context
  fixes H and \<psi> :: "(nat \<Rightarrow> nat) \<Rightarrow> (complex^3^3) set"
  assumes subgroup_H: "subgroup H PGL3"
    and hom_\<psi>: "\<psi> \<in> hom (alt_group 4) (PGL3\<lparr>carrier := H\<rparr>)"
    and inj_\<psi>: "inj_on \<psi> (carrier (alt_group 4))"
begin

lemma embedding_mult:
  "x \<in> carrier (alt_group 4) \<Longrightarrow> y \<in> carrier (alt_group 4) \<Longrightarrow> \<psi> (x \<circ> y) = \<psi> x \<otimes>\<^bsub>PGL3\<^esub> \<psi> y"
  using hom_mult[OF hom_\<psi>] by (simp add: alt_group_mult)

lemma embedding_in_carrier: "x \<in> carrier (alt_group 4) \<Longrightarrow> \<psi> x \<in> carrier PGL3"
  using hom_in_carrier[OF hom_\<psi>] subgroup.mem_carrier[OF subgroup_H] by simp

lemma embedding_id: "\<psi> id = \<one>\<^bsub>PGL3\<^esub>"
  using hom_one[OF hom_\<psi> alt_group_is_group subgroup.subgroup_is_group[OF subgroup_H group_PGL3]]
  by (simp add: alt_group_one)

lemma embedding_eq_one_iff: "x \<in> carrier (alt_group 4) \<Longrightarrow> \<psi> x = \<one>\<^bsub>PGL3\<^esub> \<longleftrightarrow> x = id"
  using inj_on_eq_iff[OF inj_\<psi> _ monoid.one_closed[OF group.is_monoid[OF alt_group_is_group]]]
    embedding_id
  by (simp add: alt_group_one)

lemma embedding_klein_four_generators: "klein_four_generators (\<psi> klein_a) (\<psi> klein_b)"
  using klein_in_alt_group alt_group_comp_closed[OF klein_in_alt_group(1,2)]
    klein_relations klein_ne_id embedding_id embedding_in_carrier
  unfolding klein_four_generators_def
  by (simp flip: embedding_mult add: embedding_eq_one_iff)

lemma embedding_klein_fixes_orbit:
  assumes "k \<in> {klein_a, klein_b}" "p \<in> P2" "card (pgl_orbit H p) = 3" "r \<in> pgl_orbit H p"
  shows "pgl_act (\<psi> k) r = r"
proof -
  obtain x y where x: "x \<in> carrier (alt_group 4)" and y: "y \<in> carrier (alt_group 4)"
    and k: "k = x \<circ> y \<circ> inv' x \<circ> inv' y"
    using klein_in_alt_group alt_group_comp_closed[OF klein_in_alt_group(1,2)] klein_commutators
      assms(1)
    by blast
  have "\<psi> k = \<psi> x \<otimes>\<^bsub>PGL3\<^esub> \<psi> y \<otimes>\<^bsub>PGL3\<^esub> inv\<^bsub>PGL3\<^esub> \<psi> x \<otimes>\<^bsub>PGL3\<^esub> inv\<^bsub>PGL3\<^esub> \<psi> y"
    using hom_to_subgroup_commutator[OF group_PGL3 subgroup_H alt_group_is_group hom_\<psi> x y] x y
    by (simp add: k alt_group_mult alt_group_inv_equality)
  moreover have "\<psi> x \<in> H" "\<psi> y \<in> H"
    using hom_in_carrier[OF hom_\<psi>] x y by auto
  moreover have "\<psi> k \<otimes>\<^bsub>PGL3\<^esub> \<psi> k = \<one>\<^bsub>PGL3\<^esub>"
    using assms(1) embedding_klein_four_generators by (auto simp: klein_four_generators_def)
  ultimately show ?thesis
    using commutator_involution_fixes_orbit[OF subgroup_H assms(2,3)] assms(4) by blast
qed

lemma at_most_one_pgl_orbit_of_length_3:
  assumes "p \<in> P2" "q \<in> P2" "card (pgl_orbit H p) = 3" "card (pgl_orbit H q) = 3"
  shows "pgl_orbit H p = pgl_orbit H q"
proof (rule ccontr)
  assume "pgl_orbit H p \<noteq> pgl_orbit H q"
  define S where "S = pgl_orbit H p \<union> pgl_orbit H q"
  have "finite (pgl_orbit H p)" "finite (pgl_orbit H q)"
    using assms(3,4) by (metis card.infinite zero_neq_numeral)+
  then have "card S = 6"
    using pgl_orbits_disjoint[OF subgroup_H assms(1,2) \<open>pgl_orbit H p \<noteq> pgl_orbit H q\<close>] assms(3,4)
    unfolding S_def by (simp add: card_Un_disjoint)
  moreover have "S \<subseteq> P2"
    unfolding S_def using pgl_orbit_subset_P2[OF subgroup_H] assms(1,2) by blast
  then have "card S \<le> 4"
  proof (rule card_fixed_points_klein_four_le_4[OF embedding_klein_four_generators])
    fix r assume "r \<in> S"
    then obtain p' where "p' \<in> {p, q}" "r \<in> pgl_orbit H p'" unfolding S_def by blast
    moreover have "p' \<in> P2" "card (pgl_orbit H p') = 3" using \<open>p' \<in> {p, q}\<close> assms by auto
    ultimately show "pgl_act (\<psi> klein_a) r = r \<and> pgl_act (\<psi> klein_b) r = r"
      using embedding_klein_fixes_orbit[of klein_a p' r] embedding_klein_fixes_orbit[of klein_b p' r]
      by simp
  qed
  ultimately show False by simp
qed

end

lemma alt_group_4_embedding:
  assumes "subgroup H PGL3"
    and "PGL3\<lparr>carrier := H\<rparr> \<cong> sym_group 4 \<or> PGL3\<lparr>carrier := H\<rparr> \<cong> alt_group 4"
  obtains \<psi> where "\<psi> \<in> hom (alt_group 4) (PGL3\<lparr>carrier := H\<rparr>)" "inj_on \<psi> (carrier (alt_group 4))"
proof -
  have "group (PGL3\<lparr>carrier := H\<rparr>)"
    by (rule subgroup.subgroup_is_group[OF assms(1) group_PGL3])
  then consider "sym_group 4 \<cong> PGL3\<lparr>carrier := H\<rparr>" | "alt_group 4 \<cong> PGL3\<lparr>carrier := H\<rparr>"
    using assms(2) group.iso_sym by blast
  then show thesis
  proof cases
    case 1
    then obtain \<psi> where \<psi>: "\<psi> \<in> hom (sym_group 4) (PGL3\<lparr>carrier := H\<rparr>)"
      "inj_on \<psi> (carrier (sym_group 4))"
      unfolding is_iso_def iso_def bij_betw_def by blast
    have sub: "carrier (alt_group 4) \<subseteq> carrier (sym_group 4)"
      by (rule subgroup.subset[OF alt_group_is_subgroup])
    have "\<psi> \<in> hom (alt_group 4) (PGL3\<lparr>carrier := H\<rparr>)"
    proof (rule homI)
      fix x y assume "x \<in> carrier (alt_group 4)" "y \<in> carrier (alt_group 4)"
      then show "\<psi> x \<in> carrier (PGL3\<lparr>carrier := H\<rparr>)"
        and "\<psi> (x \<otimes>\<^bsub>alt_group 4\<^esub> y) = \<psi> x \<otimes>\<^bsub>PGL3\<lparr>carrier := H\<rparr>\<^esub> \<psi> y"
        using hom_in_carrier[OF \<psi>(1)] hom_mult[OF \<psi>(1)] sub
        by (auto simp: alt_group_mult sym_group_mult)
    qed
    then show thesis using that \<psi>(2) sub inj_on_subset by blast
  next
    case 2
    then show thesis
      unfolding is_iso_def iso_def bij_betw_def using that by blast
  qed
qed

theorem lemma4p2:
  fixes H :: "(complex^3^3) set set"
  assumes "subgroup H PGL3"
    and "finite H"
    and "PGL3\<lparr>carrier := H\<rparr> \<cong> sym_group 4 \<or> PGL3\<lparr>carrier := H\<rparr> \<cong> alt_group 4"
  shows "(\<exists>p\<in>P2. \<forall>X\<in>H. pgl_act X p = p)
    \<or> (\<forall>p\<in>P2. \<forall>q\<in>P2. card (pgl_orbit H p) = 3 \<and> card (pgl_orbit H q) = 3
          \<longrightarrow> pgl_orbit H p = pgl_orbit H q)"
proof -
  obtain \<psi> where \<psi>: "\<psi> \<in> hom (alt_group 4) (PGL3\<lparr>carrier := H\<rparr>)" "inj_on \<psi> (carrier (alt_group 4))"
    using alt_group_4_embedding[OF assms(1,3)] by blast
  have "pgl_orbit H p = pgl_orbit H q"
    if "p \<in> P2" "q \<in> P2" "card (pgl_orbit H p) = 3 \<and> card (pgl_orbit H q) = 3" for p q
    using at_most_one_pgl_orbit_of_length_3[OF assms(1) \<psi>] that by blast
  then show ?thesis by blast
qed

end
---
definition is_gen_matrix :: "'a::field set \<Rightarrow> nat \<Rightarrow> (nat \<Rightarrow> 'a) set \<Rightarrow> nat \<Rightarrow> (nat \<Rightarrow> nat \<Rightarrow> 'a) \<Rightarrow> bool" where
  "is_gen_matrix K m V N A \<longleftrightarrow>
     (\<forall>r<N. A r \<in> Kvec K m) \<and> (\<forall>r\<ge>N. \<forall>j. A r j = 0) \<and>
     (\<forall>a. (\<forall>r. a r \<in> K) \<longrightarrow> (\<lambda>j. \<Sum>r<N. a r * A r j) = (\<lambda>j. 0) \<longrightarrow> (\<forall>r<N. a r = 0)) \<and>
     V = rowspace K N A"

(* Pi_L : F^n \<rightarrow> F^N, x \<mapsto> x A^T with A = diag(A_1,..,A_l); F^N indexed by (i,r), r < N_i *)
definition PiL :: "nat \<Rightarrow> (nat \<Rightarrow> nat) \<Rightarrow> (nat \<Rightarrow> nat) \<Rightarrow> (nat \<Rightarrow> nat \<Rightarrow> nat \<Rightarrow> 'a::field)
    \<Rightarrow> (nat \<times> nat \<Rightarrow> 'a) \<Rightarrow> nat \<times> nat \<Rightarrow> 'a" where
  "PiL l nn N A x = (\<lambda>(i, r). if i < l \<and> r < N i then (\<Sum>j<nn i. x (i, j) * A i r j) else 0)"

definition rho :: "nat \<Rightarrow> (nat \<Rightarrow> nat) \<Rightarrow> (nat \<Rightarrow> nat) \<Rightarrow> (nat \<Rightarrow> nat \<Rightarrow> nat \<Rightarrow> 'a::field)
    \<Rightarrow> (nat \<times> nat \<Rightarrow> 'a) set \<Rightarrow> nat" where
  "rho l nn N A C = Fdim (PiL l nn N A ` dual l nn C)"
--
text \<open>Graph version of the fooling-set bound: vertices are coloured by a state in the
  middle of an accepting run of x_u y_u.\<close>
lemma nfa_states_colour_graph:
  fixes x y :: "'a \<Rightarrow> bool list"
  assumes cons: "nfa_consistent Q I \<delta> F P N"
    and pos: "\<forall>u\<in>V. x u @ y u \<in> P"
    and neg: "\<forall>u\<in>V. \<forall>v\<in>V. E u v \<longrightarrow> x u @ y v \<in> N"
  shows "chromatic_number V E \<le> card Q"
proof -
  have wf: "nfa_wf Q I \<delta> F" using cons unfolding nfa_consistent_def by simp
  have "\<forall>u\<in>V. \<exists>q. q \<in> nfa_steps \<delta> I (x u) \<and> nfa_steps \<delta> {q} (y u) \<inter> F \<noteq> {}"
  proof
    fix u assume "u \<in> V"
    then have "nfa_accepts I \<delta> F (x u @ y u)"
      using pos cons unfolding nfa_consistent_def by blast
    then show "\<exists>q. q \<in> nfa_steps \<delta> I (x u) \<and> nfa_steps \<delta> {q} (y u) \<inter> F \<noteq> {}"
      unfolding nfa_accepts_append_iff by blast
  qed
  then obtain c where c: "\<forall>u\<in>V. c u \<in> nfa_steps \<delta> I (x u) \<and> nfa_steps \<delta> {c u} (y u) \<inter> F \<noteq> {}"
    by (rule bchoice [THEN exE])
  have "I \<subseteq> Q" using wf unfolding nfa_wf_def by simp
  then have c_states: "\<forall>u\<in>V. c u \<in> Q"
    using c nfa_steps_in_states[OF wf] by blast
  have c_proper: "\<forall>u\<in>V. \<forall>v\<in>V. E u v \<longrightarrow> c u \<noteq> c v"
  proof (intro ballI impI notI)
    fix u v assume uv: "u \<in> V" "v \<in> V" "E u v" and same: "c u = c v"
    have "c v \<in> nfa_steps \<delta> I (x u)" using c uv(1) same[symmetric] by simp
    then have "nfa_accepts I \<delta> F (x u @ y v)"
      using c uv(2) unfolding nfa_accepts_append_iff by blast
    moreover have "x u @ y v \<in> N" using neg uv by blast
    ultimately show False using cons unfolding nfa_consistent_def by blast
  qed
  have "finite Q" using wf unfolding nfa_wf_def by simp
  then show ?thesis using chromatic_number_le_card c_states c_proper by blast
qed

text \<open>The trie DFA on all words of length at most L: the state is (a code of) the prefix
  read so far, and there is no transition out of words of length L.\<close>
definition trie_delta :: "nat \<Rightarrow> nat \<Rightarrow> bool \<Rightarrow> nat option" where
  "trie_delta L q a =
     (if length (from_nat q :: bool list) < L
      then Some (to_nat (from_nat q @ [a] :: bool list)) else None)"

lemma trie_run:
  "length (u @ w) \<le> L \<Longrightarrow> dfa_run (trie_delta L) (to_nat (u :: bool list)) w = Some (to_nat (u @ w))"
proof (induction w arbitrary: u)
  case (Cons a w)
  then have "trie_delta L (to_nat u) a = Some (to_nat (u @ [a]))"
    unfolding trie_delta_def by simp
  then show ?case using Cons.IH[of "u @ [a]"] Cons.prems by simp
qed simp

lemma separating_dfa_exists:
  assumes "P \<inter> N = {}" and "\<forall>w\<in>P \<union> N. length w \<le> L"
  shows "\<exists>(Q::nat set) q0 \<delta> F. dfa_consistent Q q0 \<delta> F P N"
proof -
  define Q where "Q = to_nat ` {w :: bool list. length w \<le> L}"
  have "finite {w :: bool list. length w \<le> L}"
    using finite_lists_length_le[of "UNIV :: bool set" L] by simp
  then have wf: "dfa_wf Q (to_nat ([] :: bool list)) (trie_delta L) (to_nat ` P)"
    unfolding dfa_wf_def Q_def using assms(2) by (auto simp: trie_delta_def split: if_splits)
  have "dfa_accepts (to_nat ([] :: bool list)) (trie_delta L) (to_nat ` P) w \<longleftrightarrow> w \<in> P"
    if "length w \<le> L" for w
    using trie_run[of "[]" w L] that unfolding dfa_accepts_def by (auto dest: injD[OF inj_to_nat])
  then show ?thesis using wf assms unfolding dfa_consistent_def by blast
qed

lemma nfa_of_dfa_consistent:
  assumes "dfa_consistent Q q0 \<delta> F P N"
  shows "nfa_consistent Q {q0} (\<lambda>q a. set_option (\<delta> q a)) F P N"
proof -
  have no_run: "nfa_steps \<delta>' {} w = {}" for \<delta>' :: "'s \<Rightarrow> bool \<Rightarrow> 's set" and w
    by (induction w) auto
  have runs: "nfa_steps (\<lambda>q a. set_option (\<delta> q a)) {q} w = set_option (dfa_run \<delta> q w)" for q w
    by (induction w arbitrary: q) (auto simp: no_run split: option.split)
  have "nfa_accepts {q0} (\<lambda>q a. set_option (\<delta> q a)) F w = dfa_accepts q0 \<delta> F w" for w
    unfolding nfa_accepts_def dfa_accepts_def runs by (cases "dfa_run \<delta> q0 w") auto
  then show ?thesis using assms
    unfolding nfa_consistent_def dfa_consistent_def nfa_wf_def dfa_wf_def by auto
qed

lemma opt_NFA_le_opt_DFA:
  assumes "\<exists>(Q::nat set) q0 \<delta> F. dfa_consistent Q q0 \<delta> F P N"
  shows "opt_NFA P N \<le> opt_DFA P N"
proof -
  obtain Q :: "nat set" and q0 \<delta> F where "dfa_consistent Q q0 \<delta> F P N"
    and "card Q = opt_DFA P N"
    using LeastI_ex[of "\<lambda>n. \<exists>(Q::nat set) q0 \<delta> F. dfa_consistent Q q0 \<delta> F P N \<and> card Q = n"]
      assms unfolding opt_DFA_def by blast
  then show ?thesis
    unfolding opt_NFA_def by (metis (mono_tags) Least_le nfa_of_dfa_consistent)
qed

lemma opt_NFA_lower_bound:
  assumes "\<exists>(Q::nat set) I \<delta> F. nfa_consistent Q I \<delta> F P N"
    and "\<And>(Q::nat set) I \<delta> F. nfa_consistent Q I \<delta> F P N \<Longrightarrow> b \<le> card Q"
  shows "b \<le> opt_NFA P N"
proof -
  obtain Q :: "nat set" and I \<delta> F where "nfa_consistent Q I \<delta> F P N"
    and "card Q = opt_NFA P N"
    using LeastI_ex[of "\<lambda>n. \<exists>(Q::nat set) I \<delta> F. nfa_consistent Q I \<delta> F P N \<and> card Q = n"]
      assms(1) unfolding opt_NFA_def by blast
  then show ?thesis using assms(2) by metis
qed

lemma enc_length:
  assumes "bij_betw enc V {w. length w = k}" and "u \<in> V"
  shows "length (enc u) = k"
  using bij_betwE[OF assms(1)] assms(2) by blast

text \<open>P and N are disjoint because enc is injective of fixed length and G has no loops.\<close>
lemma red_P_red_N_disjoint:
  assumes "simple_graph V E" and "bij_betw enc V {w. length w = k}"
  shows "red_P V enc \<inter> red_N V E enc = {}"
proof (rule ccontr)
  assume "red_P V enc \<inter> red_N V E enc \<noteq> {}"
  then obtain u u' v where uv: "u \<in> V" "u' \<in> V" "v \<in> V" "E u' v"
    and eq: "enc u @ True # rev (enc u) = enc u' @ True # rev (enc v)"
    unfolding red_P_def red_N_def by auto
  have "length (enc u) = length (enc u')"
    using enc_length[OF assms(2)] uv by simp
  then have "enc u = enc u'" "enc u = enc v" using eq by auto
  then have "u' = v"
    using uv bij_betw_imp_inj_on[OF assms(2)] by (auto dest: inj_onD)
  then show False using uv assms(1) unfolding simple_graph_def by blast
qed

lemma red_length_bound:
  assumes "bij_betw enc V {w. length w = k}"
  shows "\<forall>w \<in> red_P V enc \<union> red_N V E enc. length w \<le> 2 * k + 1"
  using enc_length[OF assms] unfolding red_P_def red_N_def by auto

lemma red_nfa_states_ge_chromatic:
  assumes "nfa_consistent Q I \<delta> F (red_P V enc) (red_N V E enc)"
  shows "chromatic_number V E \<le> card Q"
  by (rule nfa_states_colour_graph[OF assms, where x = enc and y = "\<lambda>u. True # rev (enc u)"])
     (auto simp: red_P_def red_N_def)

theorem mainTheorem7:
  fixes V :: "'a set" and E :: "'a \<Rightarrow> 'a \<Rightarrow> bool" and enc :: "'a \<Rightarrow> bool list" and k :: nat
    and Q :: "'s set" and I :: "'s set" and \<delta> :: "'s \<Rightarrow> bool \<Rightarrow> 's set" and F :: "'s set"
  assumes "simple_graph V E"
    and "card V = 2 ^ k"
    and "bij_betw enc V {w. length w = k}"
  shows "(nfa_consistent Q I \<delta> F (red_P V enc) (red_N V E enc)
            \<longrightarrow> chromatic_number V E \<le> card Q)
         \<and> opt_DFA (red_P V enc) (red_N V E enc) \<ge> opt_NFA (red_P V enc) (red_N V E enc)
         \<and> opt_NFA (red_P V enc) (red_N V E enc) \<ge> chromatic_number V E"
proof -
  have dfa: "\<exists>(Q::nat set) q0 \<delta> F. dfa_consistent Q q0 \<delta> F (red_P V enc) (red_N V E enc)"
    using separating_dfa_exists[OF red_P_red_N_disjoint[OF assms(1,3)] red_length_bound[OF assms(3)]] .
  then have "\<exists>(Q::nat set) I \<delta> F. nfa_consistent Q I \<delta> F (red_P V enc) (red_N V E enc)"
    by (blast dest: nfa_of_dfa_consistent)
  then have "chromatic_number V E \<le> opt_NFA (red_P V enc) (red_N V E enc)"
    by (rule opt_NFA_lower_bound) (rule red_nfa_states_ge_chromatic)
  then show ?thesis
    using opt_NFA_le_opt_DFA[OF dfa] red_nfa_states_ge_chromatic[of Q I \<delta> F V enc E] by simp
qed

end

Task item: Take from the material above every line that includes the word "arbitrary".

Task output:
proof (induction w arbitrary: u)
    by (induction w arbitrary: q) (auto simp: no_run split: option.split)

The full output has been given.